«Попал, нечего сказать, – подумал он, глядя вперед на поле, усеянное жнецами. – Тут идти – все равно что без штанов по улице».
Ему не хотелось бежать обратно и Гремучим долом пробираться в Широкое. Это было и далеко и неудобно: там вновь можно было столкнуться с Еленой. Она-то уж наверное идет в Широкое Гремучим долом. Но нельзя было идти и прямо через поле: здесь не оберешься расспросов со стороны жнецов. Он долго стоял и придумывал, что бы он мог ответить на расспросы жнецов. Но сдвинуться с места не мог: недалеко от него, в долине, бабы – во главе с Захаром Катаевым и Николаем Пырякиным – вязали снопы за жатками.
– Эх, дьяволы! – вскрикнул Митька, удивляясь, что две жатки захватывают и моментально сжинают такую полосу, как его загончик в поле, который он вместе с Еленой теребит весь день – без веселья, песен, радостей, только с глухой, давящей тоской. Вспомнив свои плешивые загончики, легкие снопы с черными комлями, он почувствовал, как у него снова заклокотала, давя горло, обида. Чтобы не закричать о своей обиде, он, гладя грудь, отошел в кустарник. Идти ему никуда не хотелось. Наоборот, хотелось запрятаться, пропасть, и Митька, сознавая, что такое желание появляется только у малышей, все-таки забился в чащу кустарника, лег и вскоре заснул, скуля, взвизгивая, кому-то угрожая во сне.

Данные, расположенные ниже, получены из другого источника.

lemma po_colouring_del_edges:
  assumes "flag_system G" "Y \<subseteq> edges G" "po_colouring c G"
  shows "po_colouring c (del_edges G Y)"
proof -
  interpret induced_involution "fl G" "tau1 G" "tau2 G" "fl G - \<Union>Y"
    by (rule induced_involution_del_edges[OF assms(1,2)])
  have "\<And>y. y \<in> fl G \<Longrightarrow> c (tau2 G y) \<noteq> c y" using assms(3) by (simp add: po_colouring_def)
  hence "card (defect_corners c (del_edges G Y)) \<le> card (defect_corners c G)"
    unfolding defect_corners_def del_edges_simps by (rule card_return_defects_le)
  thus ?thesis using assms(3) by (auto simp: po_colouring_def del_edges_simps)
qed

lemma minor_step_po_colouring:
  assumes "minor_step G H" "po_colouring c G"
  shows "rg H \<and> po_colouring c H"
  using assms
proof (induction rule: minor_step.induct)
  case (del_edge G e)
  have G: "flag_system G" using del_edge rg_iff_flag_system by blast
  have Y: "{e} \<subseteq> edges G" using del_edge by simp
  have "flag_system (del_edges G {e})" by (rule flag_system_del_edges[OF G Y])
  moreover have "nonempty_rg (del_edges G {e})" by (rule nonempty_del_edges[OF del_edge(1) Y])
  moreover have "po_colouring c (del_edges G {e})" by (rule po_colouring_del_edges[OF G Y del_edge(3)])
  ultimately show ?case by (simp add: rg_iff_flag_system)
next
  case (del_vert G x)
  have G: "flag_system G" using del_vert rg_iff_flag_system by blast
  let ?Y = "{e \<in> edges G. e \<inter> vertex_of G x \<noteq> {}}"
  have "flag_system (del_vertex G x)"
    using flag_system_del_edges[OF G, of ?Y] by (simp add: del_vertex_def Let_def)
  moreover have "po_colouring c (del_vertex G x)"
    using po_colouring_del_edges[OF G _ del_vert(4), of ?Y] by (simp add: del_vertex_def Let_def)
  ultimately show ?case using del_vert(3) rg_iff_flag_system by blast
next
  case (del_isov G)
  then show ?case by (simp add: rg_iff_flag_system)
next
  case (pdual G X)
  have "flag_system (pdual G X)"
    using pdual(1,2) flag_system_pdual rg_iff_flag_system by blast
  then show ?case using pdual by (simp add: rg_iff_flag_system)
qed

Сколько он спал, не помнит. Только когда открыл глаза, увидел: по дороге, верхом на сером меринке, покачиваясь в седле, опустив голову, то и дело потирая рукой висок, ехал Степан Огнев. И Митька, помимо своей воли, словно кто-то подтолкнул его, выскочил из кустарника, пугая меринка, и, сам не зная зачем, начал бить кулаком по пыльной дороге.

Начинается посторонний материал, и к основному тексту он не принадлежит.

lemma third_difference_eq_0:
  fixes p ka kb :: "real \<Rightarrow> 'a::ab_group_add"
  assumes sum_eq: "\<And>u v. p u + p v = ka (\<alpha> * u + \<beta> * v) + kb (\<gamma> * u + \<delta> * v)"
    and "\<beta> \<noteq> 0" "\<delta> \<noteq> 0"
  shows "p (x + y + z) - p (x + y) - p (x + z) - p (y + z) + p x + p y + p z - p 0 = 0"
proof -
  define x' where "x' = - \<alpha> * x / \<beta>"
  define y' where "y' = - \<gamma> * y / \<delta>"
  have shift_x: "\<alpha> * (u + x) + \<beta> * (v + x') = \<alpha> * u + \<beta> * v" for u v
    using assms(2) by (simp add: x'_def algebra_simps)
  have shift_y: "\<gamma> * (u + y) + \<delta> * (v + y') = \<gamma> * u + \<delta> * v" for u v
    using assms(3) by (simp add: y'_def algebra_simps)
  define D where "D u v = p (u + x + y) + p (v + x' + y') - (p (u + x) + p (v + x'))
    - (p (u + y) + p (v + y')) + (p u + p v)" for u v
  \<comment> \<open>Along \<open>(x, x')\<close> the first linear form is constant, along \<open>(y, y')\<close> the second one,
    so the mixed second difference of \<open>p u + p v\<close> in these two directions vanishes.\<close>
  have D_eq_0: "D u v = 0" for u v
  proof -
    have "p (u + x + y) + p (v + x' + y')
        = ka (\<alpha> * (u + y) + \<beta> * (v + y')) + kb (\<gamma> * (u + x) + \<delta> * (v + x'))"
      using sum_eq[of "u + x + y" "v + x' + y'"] shift_x[of "u + y" "v + y'"]
        shift_y[of "u + x" "v + x'"] by (simp add: ac_simps)
    moreover have "p (u + x) + p (v + x') = ka (\<alpha> * u + \<beta> * v) + kb (\<gamma> * (u + x) + \<delta> * (v + x'))"
      using sum_eq[of "u + x" "v + x'"] shift_x[of u v] by simp
    moreover have "p (u + y) + p (v + y') = ka (\<alpha> * (u + y) + \<beta> * (v + y')) + kb (\<gamma> * u + \<delta> * v)"
      using sum_eq[of "u + y" "v + y'"] shift_y[of u v] by simp
    ultimately show ?thesis
      unfolding D_def using sum_eq[of u v] by (simp add: algebra_simps)
  qed
  have "p (x + y + z) - p (x + y) - p (x + z) - p (y + z) + p x + p y + p z - p 0 = D z 0 - D 0 0"
    by (simp add: D_def algebra_simps)
  then show ?thesis
    by (simp add: D_eq_0)
qed

lemma continuous_third_difference_eq_0_imp_quadratic:
  fixes p :: "real \<Rightarrow> 'a::real_normed_vector"
  assumes cont: "continuous_on UNIV p" and p_0: "p 0 = 0"
    and third_difference:
      "\<And>x y z. p (x + y + z) - p (x + y) - p (x + z) - p (y + z) + p x + p y + p z - p 0 = 0"
  obtains c d where "\<And>x. p x = x\<^sup>2 *\<^sub>R c + x *\<^sub>R d"
proof -
  define Q where "Q x y = p (x + y) - p x - p y" for x y
  define c where "c = Q 1 1"
  have Q_add: "Q (x + z) y = Q x y + Q z y" for x y z
    using third_difference[of x y z] p_0 unfolding Q_def by (simp add: algebra_simps)
  have Q_commute: "Q x y = Q y x" for x y
    unfolding Q_def by (simp add: add.commute diff_diff_eq)
  have cont_Q: "continuous_on UNIV (\<lambda>x. Q x y)" for y
    unfolding Q_def by (intro continuous_intros continuous_on_compose2[OF cont] cont) auto
  have Q_linear_left: "Q x y = x *\<^sub>R Q 1 y" for x y
    using continuous_additive_imp_linear[OF cont_Q Q_add] .
  have Q_linear_right: "Q 1 y = y *\<^sub>R Q 1 1" for y
  proof (rule continuous_additive_imp_linear)
    show "continuous_on UNIV (Q 1)"
      unfolding Q_def by (intro continuous_intros continuous_on_compose2[OF cont] cont) auto
  next
    show "Q 1 (y + z) = Q 1 y + Q 1 z" for y z
      by (simp only: Q_commute[of 1] Q_add)
  qed
  have Q_bilinear: "p (x + y) = p x + p y + (x * y) *\<^sub>R c" for x y
    using Q_linear_left[of x y] Q_linear_right[of y] unfolding Q_def[of x y] c_def
    by (simp add: diff_eq_eq add_ac)
  define r where "r x = p x - (x\<^sup>2 / 2) *\<^sub>R c" for x
  have "r (x + y) = r x + r y" for x y
  proof -
    have square: "(x + y)\<^sup>2 / 2 = x\<^sup>2 / 2 + y\<^sup>2 / 2 + x * y"
      by (simp add: power2_eq_square field_simps)
    show ?thesis
      unfolding r_def Q_bilinear square by (simp add: algebra_simps)
  qed
  moreover have "continuous_on UNIV r"
    unfolding r_def by (intro continuous_intros cont) auto
  ultimately have "p x = x\<^sup>2 *\<^sub>R (c /\<^sub>R 2) + x *\<^sub>R r 1" for x
    using continuous_additive_imp_linear[of r x] by (simp add: r_def algebra_simps)
  then show ?thesis
    by (rule that)
qed

lemma continuous_dilation_invariant_imp_const:
  fixes m :: "real \<Rightarrow> 'a::t2_space"
  assumes cont: "continuous_on UNIV m" and "\<bar>q\<bar> < 1" and invariant: "\<And>w. m (q * w) = m w"
  shows "m w = m 0"
proof -
  have m_power: "m (q ^ n * w) = m w" for n
    by (induction n) (simp_all add: mult.assoc invariant)
  have "(\<lambda>n. q ^ n * w) \<longlonglongrightarrow> 0"
    using LIMSEQ_power_zero[of q] assms(2) by (auto intro: tendsto_mult_left_zero)
  then have "(\<lambda>n. m (q ^ n * w)) \<longlonglongrightarrow> m 0"
    by (rule continuous_on_tendsto_compose[OF cont]) auto
  then show ?thesis
    using m_power LIMSEQ_const_iff by fastforce
qed

lemma functional_equation_nondegenerate_imp_linear:
  fixes h1 h2 h4 :: "real \<Rightarrow> 'a::real_normed_vector"
  assumes cont: "continuous_on UNIV h2" and h_0: "h1 0 = 0" "h2 0 = 0" "h4 0 = 0"
    and eq: "\<And>s t. h1 s + h2 (a2 * s + b2 * t) + h2 (a3 * s + b3 * t) + h4 t = 0"
    and nz: "a2 \<noteq> 0" "b2 \<noteq> 0" and independent: "a2 * b3 \<noteq> a3 * b2"
    and c1: "a2 * b2 \<noteq> - (a3 * b3)"
  obtains D where "\<And>x. h2 x = x *\<^sub>R D"
proof -
  define \<Delta> where "\<Delta> = a2 * b3 - a3 * b2"
  have "\<Delta> \<noteq> 0"
    using independent by (simp add: \<Delta>_def)
  have sum_eq: "h2 u + h2 v = - h1 ((b3 / \<Delta>) * u + (- b2 / \<Delta>) * v)
      + - h4 ((- a3 / \<Delta>) * u + (a2 / \<Delta>) * v)" for u v
  proof -
    define s where "s = (b3 / \<Delta>) * u + (- b2 / \<Delta>) * v"
    define t where "t = (- a3 / \<Delta>) * u + (a2 / \<Delta>) * v"
    have "a2 * s + b2 * t = u" "a3 * s + b3 * t = v"
      using \<open>\<Delta> \<noteq> 0\<close>
      by (simp_all add: s_def t_def field_simps) (simp_all add: \<Delta>_def algebra_simps)
    then have "h2 u + h2 v = (h1 s + h2 (a2 * s + b2 * t) + h2 (a3 * s + b3 * t) + h4 t) - h1 s - h4 t"
      by (simp add: algebra_simps)
    then show ?thesis
      unfolding eq s_def[symmetric] t_def[symmetric] by simp
  qed
  have "h2 (x + y + z) - h2 (x + y) - h2 (x + z) - h2 (y + z) + h2 x + h2 y + h2 z - h2 0 = 0" for x y z
    using \<open>\<Delta> \<noteq> 0\<close> nz
    by (intro third_difference_eq_0[where ka = "\<lambda>s. - h1 s" and kb = "\<lambda>t. - h4 t", OF sum_eq]) auto
  then obtain c d where quadratic: "\<And>x. h2 x = x\<^sup>2 *\<^sub>R c + x *\<^sub>R d"
    using continuous_third_difference_eq_0_imp_quadratic[OF cont h_0(2)] by blast
  have "(2 * (a2 * b2 + a3 * b3)) *\<^sub>R c
      = ((a2 + b2)\<^sup>2 + (a3 + b3)\<^sup>2 - a2\<^sup>2 - a3\<^sup>2 - b2\<^sup>2 - b3\<^sup>2) *\<^sub>R c
        + ((a2 + b2) + (a3 + b3) - a2 - a3 - b2 - b3) *\<^sub>R d"
    by (simp add: power2_eq_square algebra_simps)
  also have "\<dots> = h2 (a2 + b2) + h2 (a3 + b3) - h2 a2 - h2 a3 - h2 b2 - h2 b3"
    unfolding quadratic by (simp add: algebra_simps)
  also have "\<dots> = (h1 1 + h2 (a2 + b2) + h2 (a3 + b3) + h4 1) - (h1 1 + h2 a2 + h2 a3 + h4 0)
        - (h1 0 + h2 b2 + h2 b3 + h4 1)"
    using h_0 by (simp add: algebra_simps)
  also have "\<dots> = 0"
    using eq[of 1 1] eq[of 1 0] eq[of 0 1] by simp
  finally have "(2 * (a2 * b2 + a3 * b3)) *\<^sub>R c = 0" .
  then have "c = 0"
    using c1 by (simp add: add_eq_0_iff2)
  with quadratic show ?thesis
    by (intro that[of d]) simp
qed

lemma pexider_equation_imp_additive:
  fixes h1 k h4 :: "real \<Rightarrow> 'a::ab_group_add"
  assumes eq: "\<And>s t. h1 s + k (a * s + b * t) + h4 t = 0"
    and "h1 0 = 0" "h4 0 = 0" "a \<noteq> 0" "b \<noteq> 0"
  shows "k (x + y) = k x + k y"
proof -
  have "k (x + y) - k x - k y
      = (h1 (x / a) + k (a * (x / a) + b * (y / b)) + h4 (y / b))
        - (h1 (x / a) + k (a * (x / a) + b * 0) + h4 0) - (h1 0 + k (a * 0 + b * (y / b)) + h4 (y / b))"
    using assms(2-5) by (simp add: algebra_simps)
  also have "\<dots> = 0"
    unfolding eq by simp
  finally show ?thesis
    by (simp add: algebra_simps)
qed

lemma linear_if_sum_with_dilation_linear:
  fixes f :: "real \<Rightarrow> 'a::real_normed_vector"
  assumes cont: "continuous_on UNIV f" and sum_linear: "\<And>w. f w + f (\<rho> * w) = w *\<^sub>R C"
    and "\<rho> \<noteq> -1"
  shows "f w = w *\<^sub>R (C /\<^sub>R (1 + \<rho>))"
proof -
  define m where "m w = f w - w *\<^sub>R (C /\<^sub>R (1 + \<rho>))" for w
  have "1 + \<rho> \<noteq> 0"
    using assms(3) by linarith
  have m_antiinvariant: "m (\<rho> * w) = - m w" for w
  proof -
    have "m w + m (\<rho> * w) = (f w + f (\<rho> * w)) - (w * (1 + \<rho>)) *\<^sub>R (C /\<^sub>R (1 + \<rho>))"
      by (simp add: m_def algebra_simps)
    also have "\<dots> = 0"
      using sum_linear[of w] \<open>1 + \<rho> \<noteq> 0\<close> by simp
    finally show ?thesis
      by (simp add: eq_neg_iff_add_eq_0 add.commute)
  qed
  then have m_invariant: "m (\<rho>\<^sup>2 * w) = m w" for w
    by (simp add: power2_eq_square mult.assoc)
  have self_neg: "x = - x \<Longrightarrow> x = 0" for x :: 'a
    by (simp add: eq_neg_iff_add_eq_0 flip: scaleR_2)
  have "m 0 = 0"
    using m_antiinvariant[of 0] self_neg by simp
  have cont_m: "continuous_on UNIV m"
    unfolding m_def by (intro continuous_intros cont)
  consider "\<bar>\<rho>\<bar> < 1" | "\<rho> = 1" | "\<bar>\<rho>\<bar> > 1"
    using assms(3) by linarith
  then have "m w = 0"
  proof cases
    case 1
    then have "\<bar>\<rho>\<^sup>2\<bar> < 1"
      by (simp add: abs_square_less_1)
    then show ?thesis
      using continuous_dilation_invariant_imp_const[OF cont_m _ m_invariant] \<open>m 0 = 0\<close> by simp
  next
    case 2
    then show ?thesis
      using m_antiinvariant[of w] self_neg by simp
  next
    case 3
    then have "\<bar>1 / \<rho>\<^sup>2\<bar> < 1"
      using one_less_power[of "\<bar>\<rho>\<bar>" 2] by simp
    moreover have "m (1 / \<rho>\<^sup>2 * w) = m w" for w
      using m_invariant[of "1 / \<rho>\<^sup>2 * w"] 3 by auto
    ultimately show ?thesis
      using continuous_dilation_invariant_imp_const[OF cont_m] \<open>m 0 = 0\<close> by metis
  qed
  then show ?thesis
    by (simp add: m_def)
qed

lemma continuous_functional_equation_imp_linear:
  fixes h1 h2 h4 :: "real \<Rightarrow> 'a::real_normed_vector"
  assumes cont: "continuous_on UNIV h2" and h_0: "h1 0 = 0" "h2 0 = 0" "h4 0 = 0"
    and eq: "\<And>s t. h1 s + h2 (a2 * s + b2 * t) + h2 (a3 * s + b3 * t) + h4 t = 0"
    and nz: "a2 \<noteq> 0" "a3 \<noteq> 0" "b2 \<noteq> 0" "b3 \<noteq> 0"
    and c1: "a2 * b2 \<noteq> - (a3 * b3)" and c2: "(a2, b2) \<noteq> (- a3, - b3)"
  obtains D where "\<And>x. h2 x = x *\<^sub>R D"
proof (cases "a2 * b3 = a3 * b2")
  case False
  then show ?thesis
    using functional_equation_nondegenerate_imp_linear[OF cont h_0 eq] nz c1 that by blast
next
  case True
  define \<rho> where "\<rho> = a3 / a2"
  have a3: "a3 = \<rho> * a2" and b3: "b3 = \<rho> * b2"
    using True nz by (auto simp: \<rho>_def field_simps)
  define k where "k w = h2 w + h2 (\<rho> * w)" for w
  have "h1 s + k (a2 * s + b2 * t) + h4 t = 0" for s t
    using eq[of s t] by (simp add: k_def a3 b3 algebra_simps)
  then have "k (x + y) = k x + k y" for x y
    by (rule pexider_equation_imp_additive) (use h_0 nz in auto)
  moreover have "continuous_on UNIV k"
    unfolding k_def by (intro continuous_intros cont continuous_on_compose2[OF cont]) auto
  ultimately have "h2 w + h2 (\<rho> * w) = w *\<^sub>R k 1" for w
    using continuous_additive_imp_linear unfolding k_def by blast
  moreover have "\<rho> \<noteq> -1"
    using c2 a3 b3 by auto
  ultimately show ?thesis
    using linear_if_sum_with_dilation_linear[OF cont] that by blast
qed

– Дядь Степа… Возьми… Ну, что ж, везде теребок.
– Постой-ка, глупый! – Степан посмотрел сверху, подумал: «А правда, чего бы его не принять?» – Постой-ка плакать, – заговорил он. – Примем… Только тебе задачу поставим… Вот поедем-ка со мной…
Митька уцепился за стремя и в ногу с лошадью, поднимая теплую пыль, пошел по дороге.
2
С гумен от молотилки несся тревожный гвалт. Среди мужицких придавленных голосов звенели женские выкрики. Эти выкрики напоминали Степану стаю чаек, вьющихся со звонким писком над убитой подругой.
– Пусти, пусти, Митя! – освобождая ногу в стремени из рук Митьки, проговорил он. – Что это там?
На гумне Никиты Гурьянова шумели мужики и бабы. Вокруг них, ближе к плетням, золотились на солнце стога свежей соломы, а в углу рядом с током плотно прилегли три огромные, загнутые буквы «Г» кладки Никиты Гурьянова. В толпе на тракторе сидел Николай Пырякин, готовясь тронуться.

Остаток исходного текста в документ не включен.